You can create movie videos of up to 30 seconds in standard mode, which can be extended to 180 seconds in beta long video mode.

Dreamina website
Dreamina website

For creators, advertisers, anime editors, social video accounts, and AI filmmakers, this transforms Seedance from a short-shot generator to a tool for longer sequences. Possible locations are within partner apps that use Dreamina’s Seedance workflow, CapCut’s Creator Tools, and ByteDance’s Model Access. The evidence seems to come from publicly available product pages and platform copy, but the July 9th timing remains rumor-level until ByteDance posts a dated release notice.

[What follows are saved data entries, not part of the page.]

(* Let $\overline{\mathsf{HAL}}^{pa},\overline{\mathsf{HAL}}^{p},\overline{\mathsf{HAL}}^{a},\overline{\mathsf{HAL}}$ be the symmetric functions uniquely determined by $$\overline{\mathsf{HAL}}^{pa}=p_1\cdot\Bigl(\Bigl[\frac{p_1}{1+p_1}\Bigr]\circ\operatorname{Comm}\circ[p_1-\overline{\mathsf{HAL}}^{pa}]\Bigr),\qquad \overline{\mathsf{HAL}}^{p}=p_1\cdot\Bigl([\Sigma\operatorname{Lie}]\circ\operatorname{Comm}\circ[p_1-\overline{\mathsf{HAL}}^{pa}]\Bigr),$$ $$\overline{\mathsf{HAL}}^{a}=[\operatorname{Comm}-p_1]\circ[p_1-\overline{\mathsf{HAL}}^{pa}],\qquad \overline{\mathsf{HAL}}=\overline{\mathsf{HAL}}^{p}+\overline{\mathsf{HAL}}^{a}-\overline{\mathsf{HAL}}^{pa}.$$ Let $M$ be the symmetric function defined by $M+1=p_1+p_1\operatorname{PreLie}+p_1/\operatorname{PreLie}$. Then $\overline{\mathsf{HAL}}=-\Sigma M$.
   Context: Symmetric functions are formal power series in the power sums $p_1,p_2,\dots$ over $\mathbb{Q}$. $\circ$ denotes plethysm: $p_k\circ f$ replaces each $p_j$ in $f$ by $p_{jk}$ (rational constants fixed), and $g\circ f$ substitutes $p_k\circ f$ for $p_k$ in $g$. The suspension is $\Sigma f=-f(-p_1,-p_2,-p_3,\dots)$. $\operatorname{Comm}=\exp\bigl(\sum_{k\ge1}p_k/k\bigr)-1$; $\operatorname{Lie}=\sum_{k\ge1}\frac{\mu(k)}{k}\bigl(-\ln(1-p_k)\bigr)$ is the Frobenius characteristic of the Lie operad. $\operatorname{PreLie}$ is the Frobenius characteristic of the permutation representations of $\mathfrak{S}_n$ on labelled rooted trees on $\{1,\dots,n\}$, $n\ge1$; equivalently the unique symmetric function without constant term with $\operatorname{PreLie}=p_1(1+\operatorname{Comm}\circ\operatorname{PreLie})$. (Note $p_1/\operatorname{PreLie}=1/(1+\operatorname{Comm}\circ\operatorname{PreLie})$ is a power series.) The symmetric functions $\overline{\mathsf{HAL}}$ etc. are the specialisations at $t=1$ of functions $\mathsf{HAL}$ defined with a $t$-suspension; the definitions above are these specialisations written directly. *)

theory Defs
  imports Complex_Main "HOL-Library.Multiset" "HOL-Computational_Algebra.Primes"
    "HOL-Computational_Algebra.Squarefree"
begin

text \<open>Symmetric functions over Q as formal power series in the power sums p_1, p_2, ...
  A monomial p_{l_1} ... p_{l_r} (a partition) is encoded as the multiset of natural numbers
  {l_1 - 1, ..., l_r - 1}: the element i of a multiset stands for the power sum p_(Suc i).\<close>

type_synonym sf = "nat multiset \<Rightarrow> rat"

definition sf_wt :: "nat multiset \<Rightarrow> nat" where
  "sf_wt m = sum_mset (image_mset Suc m)"

definition sf_const :: "rat \<Rightarrow> sf" where
  "sf_const c = (\<lambda>m. if m = {#} then c else 0)"

text \<open>the power sum p_k (k \<ge> 1)\<close>
definition sf_p :: "nat \<Rightarrow> sf" where
  "sf_p k = (\<lambda>m. if m = {# k - 1 #} then 1 else 0)"

definition sf_add :: "sf \<Rightarrow> sf \<Rightarrow> sf" where
  "sf_add f g = (\<lambda>m. f m + g m)"

definition sf_sub :: "sf \<Rightarrow> sf \<Rightarrow> sf" where
  "sf_sub f g = (\<lambda>m. f m - g m)"

definition sf_neg :: "sf \<Rightarrow> sf" where
  "sf_neg f = (\<lambda>m. - f m)"

definition sf_mult :: "sf \<Rightarrow> sf \<Rightarrow> sf" where
  "sf_mult f g = (\<lambda>m. \<Sum>a \<in> {a. a \<subseteq># m}. f a * g (m - a))"

text \<open>p_k \<circ> f: replace each p_j in f by p_(j*k)  (k \<ge> 1)\<close>
definition sf_pleth_p :: "nat \<Rightarrow> sf \<Rightarrow> sf" where
  "sf_pleth_p k f = (\<lambda>m. \<Sum>a \<in> {a. image_mset (\<lambda>i. Suc i * k - 1) a = m}. f a)"

definition sf_pleth_mono :: "nat multiset \<Rightarrow> sf \<Rightarrow> sf" where
  "sf_pleth_mono lam f =
     foldr sf_mult (map (\<lambda>i. sf_pleth_p (Suc i) f) (sorted_list_of_multiset lam)) (sf_const 1)"

text \<open>plethysm g \<circ> f = sum over monomials p_lambda of g(lambda) * prod_{i in lambda} (p_i \<circ> f);
  meant for f without constant term, in which case only monomials lambda of weight at most
  the weight of m contribute to the coefficient of m.\<close>
definition sf_pleth :: "sf \<Rightarrow> sf \<Rightarrow> sf" where
  "sf_pleth g f = (\<lambda>m. \<Sum>lam \<in> {lam. sf_wt lam \<le> sf_wt m}. g lam * sf_pleth_mono lam f m)"

text \<open>suspension: Sigma f = - f(-p_1, -p_2, ...)\<close>
definition sf_susp :: "sf \<Rightarrow> sf" where
  "sf_susp f = (\<lambda>m. - ((-1) ^ size m) * f m)"

text \<open>Comm = exp(sum_k p_k / k) - 1; coefficient of p_lambda is 1 / z_lambda\<close>
definition sf_z :: "nat multiset \<Rightarrow> nat" where
  "sf_z m = (\<Prod>i \<in> set_mset m. Suc i ^ count m i * fact (count m i))"

definition Comm :: sf where
  "Comm = (\<lambda>m. if m = {#} then 0 else 1 / of_nat (sf_z m))"

text \<open>the series p_1/(1+p_1) = sum_{n\<ge>1} (-1)^(n-1) p_1^n\<close>
definition sf_p1_over_1_plus_p1 :: sf where
  "sf_p1_over_1_plus_p1 =
     (\<lambda>m. if m \<noteq> {#} \<and> set_mset m = {0} then (-1) ^ (size m - 1) else 0)"

definition moebius :: "nat \<Rightarrow> int" where
  "moebius k = (if k > 0 \<and> squarefree k then (-1) ^ card (prime_factors k) else 0)"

The company behind this model is ByteDance, which has connected AI video to its creator ecosystem through Dreamina, CapCut, TikTok-adjacent production flows, and API distribution. Seedance 2.0 is still centered around motion stability, multimodal reference, and audio-video generation, and BytePlus lists a duration of 4 to 15 seconds. Seedance 2.5 will push its strategy towards longer-term commercial storytelling and creator workflows, but Google’s Veo and Gemini Omni remain the most obvious competitive pressures after OpenAI retires its Sora web and app products on April 26, 2026.